● **PROBLEM TO WORK ON**
One range is to be output from the listing below, exactly as written: the line with "using prob_space_exponential_density[OF assms(1)]" to the line with "using emeasure_erlang_density[OF assms(1), of", both kept.

● **EXERCISE INPUT**
lemma measurable_clock:
  "(\<lambda>\<omega>. \<omega> p) \<in> borel_measurable (clocks N)"
proof (cases "p \<in> pairs N")
  case False
  then have "\<omega> p = undefined" if "\<omega> \<in> space (clocks N)" for \<omega>
    using that by (cases p) (auto simp: clocks_def space_PiM PiE_def extensional_def)
  then show ?thesis
    by (intro measurable_cong[THEN iffD2, OF _ measurable_const]) auto
qed (simp add: clocks_def)

lemma measurable_sol_frac: "sol_frac N a t \<in> borel_measurable (clocks N)"
proof -
  have "(\<lambda>\<omega>. sort_key \<omega> (filter (\<lambda>p. \<omega> p \<le> t) xs)) \<in> measurable (clocks N) (count_space UNIV)"
    for xs :: "(nat \<times> nat) list"
    by (rule measurable_compose_countable'[OF measurable_sort_key measurable_filter_le])
       (use measurable_clock in auto)
  then show ?thesis
    unfolding sol_frac_def links_def by (rule measurable_compose[where N="count_space UNIV"]) simp
qed

lemma prob_exponential_greater:
  assumes "0 < l" "0 \<le> t"
  shows "measure (density lborel (exponential_density l)) {t<..} = exp (- t * l)"
proof -
  interpret D: prob_space "density lborel (exponential_density l)"
    using prob_space_exponential_density[OF assms(1)] .
  have "emeasure (density lborel (exponential_density l)) {..t} = ennreal (1 - exp (- l * t))"
    using emeasure_erlang_density[OF assms(1), of 0 t] assms by (simp add: erlang_CDF_0)
  then have "D.prob {..t} = 1 - exp (- l * t)"
    using assms by (simp add: D.emeasure_eq_measure)
  moreover have "{t<..} = space (density lborel (exponential_density l)) - {..t}" by auto
  ultimately show ?thesis using D.prob_compl[of "{..t}"] by (simp add: mult.commute)
qed

lemma measure_PiM_all_in:
  assumes D: "prob_space D" and I: "finite I" and S: "S \<subseteq> I" and B: "B \<in> sets D"
  shows "measure (PiM I (\<lambda>_. D)) {\<omega> \<in> space (PiM I (\<lambda>_. D)). \<forall>i\<in>S. \<omega> i \<in> B} = measure D B ^ card S"
proof -
  interpret finite_product_prob_space "\<lambda>_. D" I
    using D I by (simp add: finite_product_prob_space_def finite_product_sigma_finite_def
        finite_product_sigma_finite_axioms_def product_prob_space_def product_prob_space_axioms_def
        product_sigma_finite_def prob_space_imp_sigma_finite)
  have "{\<omega> \<in> space (PiM I (\<lambda>_. D)). \<forall>i\<in>S. \<omega> i \<in> B}
      = Pi\<^sub>E I (\<lambda>i. if i \<in> S then B else space D)"
    using S sets.sets_into_space[OF B] by (auto simp: space_PiM PiE_def Pi_def)
  then have "measure (PiM I (\<lambda>_. D)) {\<omega> \<in> space (PiM I (\<lambda>_. D)). \<forall>i\<in>S. \<omega> i \<in> B}
      = (\<Prod>i\<in>I. measure D (if i \<in> S then B else space D))"
    using B by (simp add: prob_times)
  also have "\<dots> = measure D B ^ card S"
    using I S prob_space.prob_space[OF D] by (simp add: if_distrib prod.If_cases Int_absorb1)
  finally show ?thesis .
qed

context prob_space
begin

lemma integrable_sum_indicator:
  assumes "\<And>i. i \<in> I \<Longrightarrow> A i \<in> events"
  shows "integrable M (\<lambda>x. \<Sum>i\<in>I. indicator (A i) x :: real)"
  using assms by (intro Bochner_Integration.integrable_sum) (simp add: integrable_indicator_iff emeasure_eq_measure)

lemma expectation_sum_indicator:
  assumes "\<And>i. i \<in> I \<Longrightarrow> A i \<in> events"
  shows "expectation (\<lambda>x. \<Sum>i\<in>I. indicator (A i) x :: real) = (\<Sum>i\<in>I. prob (A i))"
  using assms by (subst Bochner_Integration.integral_sum) (simp_all add: integrable_indicator_iff emeasure_eq_measure)

lemma sum_indicator_square:
  "(\<Sum>i\<in>I. indicator (A i) x :: real)\<^sup>2 = (\<Sum>(i, j)\<in>I \<times> I. indicator (A i \<inter> A j) x)"
  by (simp add: power2_eq_square sum_product sum.cartesian_product indicator_inter_arith)

lemma prob_sum_indicator_le_half_mean:
  fixes A :: "'i \<Rightarrow> 'a set" and q c :: real
  assumes I: "finite I" "I \<noteq> {}"
    and A: "\<And>i. i \<in> I \<Longrightarrow> A i \<in> events"
    and q: "0 < q" "\<And>i. i \<in> I \<Longrightarrow> q \<le> prob (A i)"
    and c: "0 < c" "c \<le> 1"
    and cov: "\<And>i j. i \<in> I \<Longrightarrow> j \<in> I \<Longrightarrow> i \<noteq> j \<Longrightarrow> prob (A i \<inter> A j) * c \<le> prob (A i) * prob (A j)"
  shows "prob {x \<in> space M. (\<Sum>i\<in>I. indicator (A i) x) \<le> q / 2 * card I}
     \<le> (card I + (real (card I))\<^sup>2 * (1 / c - 1)) / (q * card I / 2)\<^sup>2"
proof -
  define n where "n = real (card I)"
  define X where "X x = (\<Sum>i\<in>I. indicator (A i) x :: real)" for x
  define m where "m = (\<Sum>i\<in>I. prob (A i))"
  have AA: "A i \<inter> A j \<in> events" if "(i, j) \<in> I \<times> I" for i j
    using A that by auto
  have intX: "integrable M X"
    unfolding X_def by (rule integrable_sum_indicator[OF A])
  have intX2: "integrable M (\<lambda>x. (X x)\<^sup>2)"
    unfolding X_def sum_indicator_square
    using integrable_sum_indicator[of "I \<times> I" "\<lambda>(i, j). A i \<inter> A j"] AA
    by (simp add: case_prod_unfold)
  have EX: "expectation X = m"
    unfolding X_def m_def by (rule expectation_sum_indicator[OF A])
  have "expectation (\<lambda>x. (X x)\<^sup>2) = (\<Sum>(i, j)\<in>I \<times> I. prob (A i \<inter> A j))"
    unfolding X_def sum_indicator_square
    using expectation_sum_indicator[of "I \<times> I" "\<lambda>(i, j). A i \<inter> A j"] AA
    by (simp add: case_prod_unfold)
  also have "\<dots> = (\<Sum>i\<in>I. \<Sum>j\<in>I. prob (A i \<inter> A j))"
    by (simp add: sum.cartesian_product)
  also have "\<dots> \<le> (\<Sum>i\<in>I. \<Sum>j\<in>I. (if i = j then prob (A i) else 0) + prob (A i) * prob (A j) / c)"
    using cov c by (intro sum_mono) (auto simp: field_simps)
  also have "\<dots> = m + m\<^sup>2 / c"
    using I by (simp add: sum.distrib m_def power2_eq_square sum_product sum_divide_distrib)
  finally have EX2: "expectation (\<lambda>x. (X x)\<^sup>2) \<le> m + m\<^sup>2 / c" .
  have "q * n \<le> m" "m \<le> n"
    using sum_mono[of I "\<lambda>_. q" "\<lambda>i. prob (A i)"] sum_mono[of I "\<lambda>i. prob (A i)" "\<lambda>_. 1"] q
    by (auto simp: m_def n_def mult.commute)
  have "variance X = expectation (\<lambda>x. (X x)\<^sup>2) - m\<^sup>2"
    using variance_eq[OF intX intX2] EX by simp
  also have "\<dots> \<le> m + m\<^sup>2 * (1 / c - 1)"
    using EX2 by (simp add: field_simps)
  also have "\<dots> \<le> n + n\<^sup>2 * (1 / c - 1)"
    using \<open>m \<le> n\<close> c by (intro add_mono mult_right_mono power_mono) (auto simp: m_def sum_nonneg)
  finally have var: "variance X \<le> n + n\<^sup>2 * (1 / c - 1)" .
  have d: "0 < q * n / 2"
    using q I by (simp add: n_def card_gt_0_iff)
  have "prob {x \<in> space M. X x \<le> q / 2 * n} \<le> prob {x \<in> space M. q * n / 2 \<le> \<bar>X x - expectation X\<bar>}"
    using \<open>q * n \<le> m\<close> EX intX by (intro finite_measure_mono) (auto simp: abs_if)
  also have "\<dots> \<le> variance X / (q * n / 2)\<^sup>2"
    using intX by (intro Chebyshev_inequality[OF _ intX2 d]) auto
  also have "\<dots> \<le> (n + n\<^sup>2 * (1 / c - 1)) / (q * n / 2)\<^sup>2"
    using var d by (intro divide_right_mono) auto
  finally show ?thesis unfolding X_def n_def .
qed

end

lemma prob_clocks_all_greater:
  assumes N: "0 < N" and t: "0 \<le> t" and S: "S \<subseteq> pairs N"
  shows "measure (clocks N) {\<omega> \<in> space (clocks N). \<forall>p\<in>S. t < \<omega> p} = exp (- t / N) ^ card S"
proof -
  define D where "D = density lborel (exponential_density (1 / real N))"
  have D: "prob_space D"
    unfolding D_def using N by (intro prob_space_exponential_density) simp
  have "measure (clocks N) {\<omega> \<in> space (clocks N). \<forall>p\<in>S. \<omega> p \<in> {t<..}} = measure D {t<..} ^ card S"
    unfolding clocks_def D_def[symmetric] using D finite_pairs S
    by (intro measure_PiM_all_in) (auto simp: D_def)
  then show ?thesis
    using prob_exponential_greater[of "1 / real N" t] N t by (simp add: D_def)
qed

lemma prob_sol_frac_le_bound:
  assumes N: "0 < N" and t: "0 \<le> t" and a: "1 < a"
  shows "measure (clocks N) {\<omega> \<in> space (clocks N). sol_frac N a t \<omega> \<le> exp (- 2 * t) / 2}
    \<le> 4 / (exp (- 2 * t))\<^sup>2 * (1 / N + (exp (t / N) - 1))"
proof -
  interpret prob_space "clocks N"
    unfolding clocks_def using N by (intro prob_space_PiM prob_space_exponential_density) simp
  define c where "c = exp (- t / N)"
  define q where "q = exp (- 2 * t)"
  define A where "A i = {\<omega> \<in> space (clocks N). \<forall>p\<in>incident N i. t < \<omega> p}" for i
  have c: "0 < c" "c \<le> 1"
    using t N by (auto simp: c_def)
  have incident_pairs: "incident N i \<subseteq> pairs N" for i
    by (auto simp: incident_def)
  have prob_A: "prob (A i) = c ^ card (incident N i)" for i
    unfolding A_def c_def using prob_clocks_all_greater[OF N t incident_pairs] .
  note [measurable] = measurable_clock
  have A_events [measurable]: "A i \<in> sets (clocks N)" for i
    unfolding A_def using finite_subset[OF incident_pairs finite_pairs] by measurable
  have q_eq: "q = c ^ (2 * N)"
    unfolding c_def q_def using N by (simp add: exp_of_nat_mult[symmetric])
  have q_le: "q \<le> prob (A i)" for i
    unfolding prob_A q_eq using c card_incident_le[of N i] by (intro power_decreasing) auto
  have cov: "prob (A i \<inter> A j) * c \<le> prob (A i) * prob (A j)" if "i \<noteq> j" for i j
  proof -
    have finite: "finite (incident N i)" for i
      using finite_subset[OF incident_pairs finite_pairs] .
    have "A i \<inter> A j = {\<omega> \<in> space (clocks N). \<forall>p\<in>incident N i \<union> incident N j. t < \<omega> p}"
      by (auto simp: A_def)
    then have "prob (A i \<inter> A j) * c = c ^ (card (incident N i \<union> incident N j) + 1)"
      unfolding c_def using prob_clocks_all_greater[OF N t] incident_pairs by simp
    also have "\<dots> \<le> c ^ (card (incident N i) + card (incident N j))"
      using c card_Un_Int[OF finite finite, of i j] card_incident_Int_le[OF that, of N]
      by (intro power_decreasing) auto
    also have "\<dots> = prob (A i) * prob (A j)"
      by (simp add: prob_A power_add)
    finally show ?thesis .
  qed
  have "{\<omega> \<in> space (clocks N). sol_frac N a t \<omega> \<le> q / 2}
      \<subseteq> {\<omega> \<in> space (clocks N). (\<Sum>i\<in>{..<N}. indicator (A i) \<omega>) \<le> q / 2 * card {..<N}}"
  proof safe
    fix \<omega> assume \<omega>: "\<omega> \<in> space (clocks N)" and "sol_frac N a t \<omega> \<le> q / 2"
    then have "real N * sol_frac N a t \<omega> \<le> q / 2 * N"
      using N by (simp add: mult.commute mult_left_mono)
    moreover have "(\<Sum>i\<in>{..<N}. indicator (A i) \<omega>) = real (card {i \<in> {..<N}. \<forall>p\<in>incident N i. t < \<omega> p})"
      using \<omega> by (simp add: A_def indicator_def sum.If_cases Int_def)
    ultimately show "(\<Sum>i\<in>{..<N}. indicator (A i) \<omega>) \<le> q / 2 * card {..<N}"
      using card_isolated_le_sol_frac[OF a, of N t \<omega>] by simp
  qed
  then have "prob {\<omega> \<in> space (clocks N). sol_frac N a t \<omega> \<le> q / 2}
      \<le> prob {\<omega> \<in> space (clocks N). (\<Sum>i\<in>{..<N}. indicator (A i) \<omega>) \<le> q / 2 * card {..<N}}"
    by (intro finite_measure_mono) measurable
  also have "\<dots> \<le> (N + (real N)\<^sup>2 * (1 / c - 1)) / (q * N / 2)\<^sup>2"
    using prob_sum_indicator_le_half_mean[of "{..<N}" A q c] q_le cov c N
    by (simp add: q_def lessThan_empty_iff)
  also have "\<dots> = 4 / q\<^sup>2 * (1 / N + (exp (t / N) - 1))"
    using N by (simp add: c_def q_def exp_minus field_simps power2_eq_square)
  finally show ?thesis unfolding q_def .
qed

theorem lemma2p6:
  fixes \<alpha> :: "nat \<Rightarrow> real"
  assumes "filterlim \<alpha> at_top sequentially"
    and "(\<lambda>N. \<alpha> N / real N) \<longlonglongrightarrow> 0"
    and "(t::real) \<ge> 0"
  shows "\<exists>\<nu>>0. (\<forall>N\<ge>2. {\<omega> \<in> space (clocks N). sol_frac N (\<alpha> N) t \<omega> \<le> \<nu>} \<in> sets (clocks N))
     \<and> (\<lambda>N. measure (clocks N) {\<omega> \<in> space (clocks N). sol_frac N (\<alpha> N) t \<omega> \<le> \<nu>}) \<longlonglongrightarrow> 0"
proof (intro exI conjI allI impI)
  show "0 < exp (- 2 * t) / 2" by simp
  note [measurable] = measurable_sol_frac
  show "{\<omega> \<in> space (clocks N). sol_frac N (\<alpha> N) t \<omega> \<le> exp (- 2 * t) / 2} \<in> sets (clocks N)" for N
    by measurable
  define B where "B N = 4 / (exp (- 2 * t))\<^sup>2 * (1 / real N + (exp (t / real N) - 1))" for N :: nat
  have inverse_lim: "(\<lambda>N. c / real N) \<longlonglongrightarrow> 0" for c :: real
    by (intro tendsto_divide_0[OF tendsto_const] filterlim_at_top_imp_at_infinity filterlim_real_sequentially)
  have "B \<longlonglongrightarrow> 4 / (exp (- 2 * t))\<^sup>2 * (0 + (exp 0 - 1))"
    unfolding B_def by (intro tendsto_intros inverse_lim)
  then have B_lim: "B \<longlonglongrightarrow> 0" by simp
  have "\<forall>\<^sub>F N in sequentially. 1 < \<alpha> N \<and> 0 < N"
    using assms(1)[unfolded filterlim_at_top_dense] eventually_gt_at_top[of 0]
    by (auto intro: eventually_conj)
  then have bound: "\<forall>\<^sub>F N in sequentially.
      measure (clocks N) {\<omega> \<in> space (clocks N). sol_frac N (\<alpha> N) t \<omega> \<le> exp (- 2 * t) / 2} \<le> B N"
    by eventually_elim (unfold B_def, rule prob_sol_frac_le_bound, use assms(3) in auto)
  show "(\<lambda>N. measure (clocks N) {\<omega> \<in> space (clocks N). sol_frac N (\<alpha> N) t \<omega> \<le> exp (- 2 * t) / 2}) \<longlonglongrightarrow> 0"
    by (rule tendsto_sandwich[OF _ bound tendsto_const B_lim]) simp
qed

● **YOUR SOLUTION**
    using prob_space_exponential_density[OF assms(1)] .
  have "emeasure (density lborel (exponential_density l)) {..t} = ennreal (1 - exp (- l * t))"
    using emeasure_erlang_density[OF assms(1), of 0 t] assms by (simp add: erlang_CDF_0)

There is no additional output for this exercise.